State lawmakers are secretly eyeing a compromise that would allow Mayor Bloomberg to fire thousands of "nonteaching teachers" without consideration of the "last in, first out" law, The Post has learned.
The plan, being discussed at the highest levels of the Legislature and with aides to Bloomberg, would grant the mayor the right to fire between 2,000 to 4,000 nonclassroom teachers -- including all those who formerly languished in the notorious "rubber room" under disciplinary charges.
The plan would also target members of the "absent teacher reserve pool" -- which includes nonworking but on-the-payroll teachers from schools that have been shut down because of poor performance -- and teachers assigned only to "administrative functions," sources said.
Bloomberg warned Friday that the city might be forced to lay off as many as 20,000 teachers because of a combination of a city revenue shortfall and the severe state budget cuts to be unveiled tomorrow by Gov. Cuomo.
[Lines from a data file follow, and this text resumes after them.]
lemma sorted_wrt_less_not_between:
  fixes xs :: "'a::linorder list"
  assumes "sorted_wrt (<) xs" "Suc r < length xs" "xs ! r < b" "b < xs ! Suc r"
  shows "b \<notin> set xs"
proof
  assume "b \<in> set xs"
  then obtain i where i: "i < length xs" "xs ! i = b" by (auto simp: in_set_conv_nth)
  have "sorted xs" using assms(1) strict_sorted_iff by blast
  then show False
    using sorted_nth_mono[of xs i r] sorted_nth_mono[of xs "Suc r" i] i assms
    by (cases "i \<le> r") auto
qed

lemma distinct_concat_disjoint_nth:
  assumes "distinct (concat xs)" "i < length xs" "j < length xs" "i \<noteq> j"
  shows "set (xs ! i) \<inter> set (xs ! j) = {}"
proof -
  have *: "set (xs ! i) \<inter> set (xs ! j) = {}" if "i < j" "j < length xs" for i j
  proof -
    have "xs = take j xs @ xs ! j # drop (Suc j) xs"
      using that(2) by (simp add: id_take_nth_drop)
    then have "distinct (concat (take j xs) @ xs ! j @ concat (drop (Suc j) xs))"
      using assms(1) by (metis concat.simps(2) concat_append)
    then have "set (concat (take j xs)) \<inter> set (xs ! j) = {}" by auto
    moreover have "xs ! i \<in> set (take j xs)" using that by (auto simp: in_set_conv_nth)
    ultimately show ?thesis by auto
  qed
  show ?thesis using *[of i j] *[of j i] assms by (cases "i < j") auto
qed

lemma sum_nth_list_update:
  fixes g :: "nat \<Rightarrow> 'a \<Rightarrow> 'b::ab_group_add"
  assumes "c < n" "n \<le> length T"
  shows "(\<Sum>i<n. g i (T[c := v] ! i)) = (\<Sum>i<n. g i (T ! i)) + (g c v - g c (T ! c))"
proof -
  have "(\<Sum>i<n. g i (T[c := v] ! i))
      = (\<Sum>i<n. g i (T ! i) + (if i = c then g c v - g c (T ! c) else 0))"
    using assms by (intro sum.cong) (auto simp: nth_list_update)
  also have "\<dots> = (\<Sum>i<n. g i (T ! i)) + (g c v - g c (T ! c))"
    using assms by (simp add: sum.distrib)
  finally show ?thesis .
qed

section \<open>The filling algorithm\<close>

lemma fill_step_W:
  assumes "active_cols k T \<noteq> {}"
  obtains c where "c \<in> active_cols k T" "\<forall>c'\<in>active_cols k T. last (T ! c') \<le> last (T ! c)"
    "fill_step k i W T = T[c := T ! c @ [i]]"
proof -
  define A where "A = active_cols k T"
  define c where "c = (LEAST c. c \<in> A \<and> (\<forall>c'\<in>A. last (T ! c') \<le> last (T ! c)))"
  have "finite A" unfolding A_def active_cols_def by simp
  then have "Max ((\<lambda>c. last (T ! c)) ` A) \<in> (\<lambda>c. last (T ! c)) ` A"
    using assms by (intro Max_in) (auto simp: A_def)
  then obtain c0 where "c0 \<in> A" "Max ((\<lambda>c. last (T ! c)) ` A) = last (T ! c0)"
    by blast
  with \<open>finite A\<close> have "\<exists>c. c \<in> A \<and> (\<forall>c'\<in>A. last (T ! c') \<le> last (T ! c))"
    by (intro exI[of _ c0]) (auto simp: eq_commute)
  then have "c \<in> A \<and> (\<forall>c'\<in>A. last (T ! c') \<le> last (T ! c))"
    unfolding c_def by (rule LeastI_ex)
  moreover have "fill_step k i W T = T[c := T ! c @ [i]]"
    using assms unfolding fill_step.simps Let_def A_def[symmetric] c_def by simp
  ultimately show ?thesis using that unfolding A_def by blast
qed

lemma fill_step_cases:
  obtains "fill_step k i x T = T" | c where "fill_step k i x T = T[c := T ! c @ [i]]"
proof (cases x)
  case W
  show ?thesis
  proof (cases "active_cols k T = {}")
    case True
    then show ?thesis using that(1) by (simp add: W)
  next
    case False
    then show ?thesis using that(2) fill_step_W unfolding W by metis
  qed
next
  case (S j)
  show ?thesis
  proof (cases "\<exists>c < length T. T ! c = []")
    case True
    define c where "c = (LEAST c. c < length T \<and> T ! c = [])"
    have "T ! c = []" using LeastI_ex[OF True] unfolding c_def by simp
    then have "fill_step k i x T = T[c := T ! c @ [i]]" using True by (simp add: S c_def)
    then show ?thesis by (rule that(2))
  next
    case False
    show ?thesis by (rule that(1)) (simp only: S fill_step.simps if_not_P[OF False])
  qed
qed

lemma fill_step_appends_to_max_active:
  assumes "c < length T" "T ! c \<noteq> []" "fill_step k i x T ! c = T ! c @ [i]"
  shows "c \<in> active_cols k T \<and> (\<forall>c'\<in>active_cols k T. last (T ! c') \<le> last (T ! c))"
proof (cases x)
  case (S j)
  have "fill_step k i x T ! c = T ! c"
  proof (cases "\<exists>c<length T. T ! c = []")
    case True
    define c1 where "c1 = (LEAST c. c < length T \<and> T ! c = [])"
    have "T ! c1 = []" using LeastI_ex[OF True] unfolding c1_def by simp
    then have "c1 \<noteq> c" using assms(2) by auto
    have "fill_step k i x T = T[c1 := [i]]" using True by (simp add: S c1_def)
    then show ?thesis using \<open>c1 \<noteq> c\<close> by simp
  next
    case False
    show ?thesis by (simp only: S fill_step.simps if_not_P[OF False])
  qed
  then show ?thesis using assms(3) by simp
next
  case W
  have "active_cols k T \<noteq> {}"
  proof
    assume "active_cols k T = {}"
    then have "fill_step k i x T = T" by (simp add: W)
    then show False using assms(3) by simp
  qed
  then obtain c1 where c1: "c1 \<in> active_cols k T"
    "\<forall>c'\<in>active_cols k T. last (T ! c') \<le> last (T ! c1)"
    and step: "fill_step k i x T = T[c1 := T ! c1 @ [i]]"
    unfolding W by (rule fill_step_W)
  have "c1 = c"
  proof (rule ccontr)
    assume "c1 \<noteq> c"
    then have "fill_step k i x T ! c = T ! c" unfolding step by simp
    then show False using assms(3) by simp
  qed
  then show ?thesis using c1 by simp
qed

lemma fill_step_W_unique_max:
  assumes "c \<in> active_cols k T" "\<forall>c'\<in>active_cols k T. c' \<noteq> c \<longrightarrow> last (T ! c') < last (T ! c)"
  shows "fill_step k i W T = T[c := T ! c @ [i]]"
proof -
  obtain c1 where c1: "c1 \<in> active_cols k T" "\<forall>c'\<in>active_cols k T. last (T ! c') \<le> last (T ! c1)"
    and step: "fill_step k i W T = T[c1 := T ! c1 @ [i]]"
    by (rule fill_step_W) (use assms(1) in blast)
  have "c1 = c"
  proof (rule ccontr)
    assume "c1 \<noteq> c"
    then have "last (T ! c1) < last (T ! c)" using assms(2) c1(1) by blast
    then show False using c1(2) assms(1) by fastforce
  qed
  then show ?thesis using step by simp
qed

lemma fill_step_S_first_empty:
  assumes "c < length T" "T ! c = []" "\<forall>c'<c. T ! c' \<noteq> []"
  shows "fill_step k i (S j) T = T[c := [i]]"
proof -
  have "(LEAST c. c < length T \<and> T ! c = []) = c"
  proof (rule Least_equality)
    fix y assume "y < length T \<and> T ! y = []"
    then show "c \<le> y" using assms(3) not_le by blast
  qed (use assms in simp)
  then show ?thesis using assms(1,2) by auto
qed

definition trunc :: "nat \<Rightarrow> nat list list \<Rightarrow> nat list list" where
  "trunc m T = map (filter (\<lambda>x. x \<le> m)) T"

lemma length_trunc [simp]: "length (trunc m T) = length T"
  by (simp add: trunc_def)

lemma nth_trunc: "c < length T \<Longrightarrow> trunc m T ! c = filter (\<lambda>x. x \<le> m) (T ! c)"
  by (simp add: trunc_def)

lemma trunc_id: "\<forall>x\<in>set (concat T). x \<le> m \<Longrightarrow> trunc m T = T"
  unfolding trunc_def by (rule map_idI) auto

lemma trunc_trunc: "m \<le> m' \<Longrightarrow> trunc m (trunc m' T) = trunc m T"
  unfolding trunc_def by (auto intro: filter_cong)

lemma set_concat_fill_step: "set (concat (fill_step k i x T)) \<subseteq> insert i (set (concat T))"
proof (cases rule: fill_step_cases[of k i x T])
  case (2 c)
  show ?thesis
  proof (cases "c < length T")
    case True
    then have "T ! c \<in> set T" by simp
    then show ?thesis unfolding 2 using set_update_subset_insert[of T c "T ! c @ [i]"] by fastforce
  qed (use 2 in \<open>auto simp: list_update_beyond\<close>)
qed auto

lemma trunc_fill_step:
  assumes "\<forall>x\<in>set (concat T). x \<le> m"
  shows "trunc m (fill_step k (Suc m) x T) = T"
proof (cases rule: fill_step_cases[of k "Suc m" x T])
  case 1
  then show ?thesis using trunc_id[OF assms] by simp
next
  case (2 c)
  have "trunc m (T[c := T ! c @ [Suc m]]) = T"
  proof (cases "c < length T")
    case True
    then have "filter (\<lambda>x. x \<le> m) (T ! c) = T ! c"
      using assms nth_mem[OF True] by (auto simp: filter_id_conv)
    then show ?thesis using trunc_id[OF assms] unfolding trunc_def by (simp add: map_update)
  qed (simp add: list_update_beyond trunc_id[OF assms])
  then show ?thesis using 2 by simp
qed

lemma eta_take_one: "eta k (take 1 \<pi>) = (replicate (length k) [])[0 := [1]]"
  by (simp add: eta_def)

lemma eta_take_Suc:
  assumes "1 \<le> m" "m < length \<pi>"
  shows "eta k (take (Suc m) \<pi>) = fill_step k (Suc m) (\<pi> ! m) (eta k (take m \<pi>))"
proof -
  have "[2..<length (take (Suc m) \<pi>) + 1] = [2..<length (take m \<pi>) + 1] @ [Suc m]"
    using assms by simp
  moreover have "drop 1 (take (Suc m) \<pi>) = drop 1 (take m \<pi>) @ [\<pi> ! m]"
    using assms by (simp add: take_Suc_conv_app_nth)
  moreover have "length [2..<length (take m \<pi>) + 1] = length (drop 1 (take m \<pi>))"
    using assms by auto
  ultimately show ?thesis unfolding eta_def by simp
qed

lemma eta_take_labels_le:
  assumes "1 \<le> m" "m \<le> length \<pi>"
  shows "\<forall>x\<in>set (concat (eta k (take m \<pi>))). x \<le> m"
  using assms(1)
proof (induction rule: dec_induct)
  case base
  have "set (concat (eta k (take 1 \<pi>))) \<subseteq> {1}"
    unfolding eta_take_one
    using set_update_subset_insert[of "replicate (length k) []" 0 "[1::nat]"] by auto
  then show ?case by auto
next
  case (step n)
  have "eta k (take (Suc n) \<pi>) = fill_step k (Suc n) (\<pi> ! n) (eta k (take n \<pi>))"
    using step.hyps assms(2) by (simp add: eta_take_Suc)
  moreover have "\<forall>x\<in>insert (Suc n) (set (concat (eta k (take n \<pi>)))). x \<le> Suc n"
    using step.IH by (auto intro: le_SucI)
  ultimately show ?case
    using set_concat_fill_step[of k "Suc n" "\<pi> ! n" "eta k (take n \<pi>)"] by (metis subsetD)
qed

lemma trunc_eta_take:
  assumes "1 \<le> m" "m \<le> m'" "m' \<le> length \<pi>"
  shows "trunc m (eta k (take m' \<pi>)) = eta k (take m \<pi>)"
  using assms(2,3)
proof (induction rule: dec_induct)
  case base
  show ?case by (rule trunc_id) (use eta_take_labels_le assms(1) base in auto)
next
  case (step n)
  have n: "1 \<le> n" "n < length \<pi>" using step assms(1) by auto
  then have "eta k (take (Suc n) \<pi>) = fill_step k (Suc n) (\<pi> ! n) (eta k (take n \<pi>))"
    by (rule eta_take_Suc)
  then have last_step: "trunc n (eta k (take (Suc n) \<pi>)) = eta k (take n \<pi>)"
    using trunc_fill_step[OF eta_take_labels_le[OF n(1) less_imp_le[OF n(2)]]] by simp
  have "trunc m (eta k (take (Suc n) \<pi>)) = trunc m (trunc n (eta k (take (Suc n) \<pi>)))"
    using step.hyps by (simp add: trunc_trunc)
  also have "\<dots> = trunc m (eta k (take n \<pi>))" using last_step by simp
  also have "\<dots> = eta k (take m \<pi>)" using step.IH n by simp
  finally show ?case .
qed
If the plan becomes reality, about 10 to 20 percent of teachers slated for layoffs simply because they were hired last would be spared.
Bloomberg, conceding that significant teacher cuts are inevitable, has launched an aggressive campaign to overturn the state law that requires the city to fire teachers on the basis of seniority and not competence.
State lawmakers privately say Bloomberg can't win full repeal of the law because of intense union opposition and concerns over the criteria the mayor would use to justify teacher dismissals.
But the dismissal of poorly performing "nonteaching teachers" was described by a top state official as "potentially doable."
Cuomo and Senate Republicans have signaled they're open to such a measure, but Assembly Speaker Sheldon Silver (D-Manhattan) and his union-funded Democratic Conference have yet to weigh in.
As always, take ANYTHING written in the Murdoch Post (or any Murdoch "news" outlet, for that matter) with a grain of salt.
But it isn't too hard to believe that Cuomo and the Senate are working behind the scenes to give Bloomberg the power to fire at will.
Silver and the Assembly are all that stands in the way of this.
And once the mayor is given the ability to fire teachers at will, you can bet the "bad teachers" in the system will ALWAYS be the most expensive and senior teachers who will be scrubbed from the system every few years like clockwork.
So this article states that anyone who EVER was in a rubber room will be fired...even if the pretenses were false, or they didn't undergo a 3020-A? What about people wrongfully accused, then released without a 3020A procedure?
ReplyDeleteIs this a new twist, or has this been mentioned before?
It is a phony story to keep the pressure on the union to cave in. I really don't see this happening.
ReplyDeleteHmmm, let's look at the math: if the rubber room teachers and ATRs are fed to the dogs, then layoffs of up to 20,000 will be averted.
ReplyDeleteI guess basic arithmetic doesn't enter into education coverage.
Now the mayor says he was just talking shit and didn't mean it.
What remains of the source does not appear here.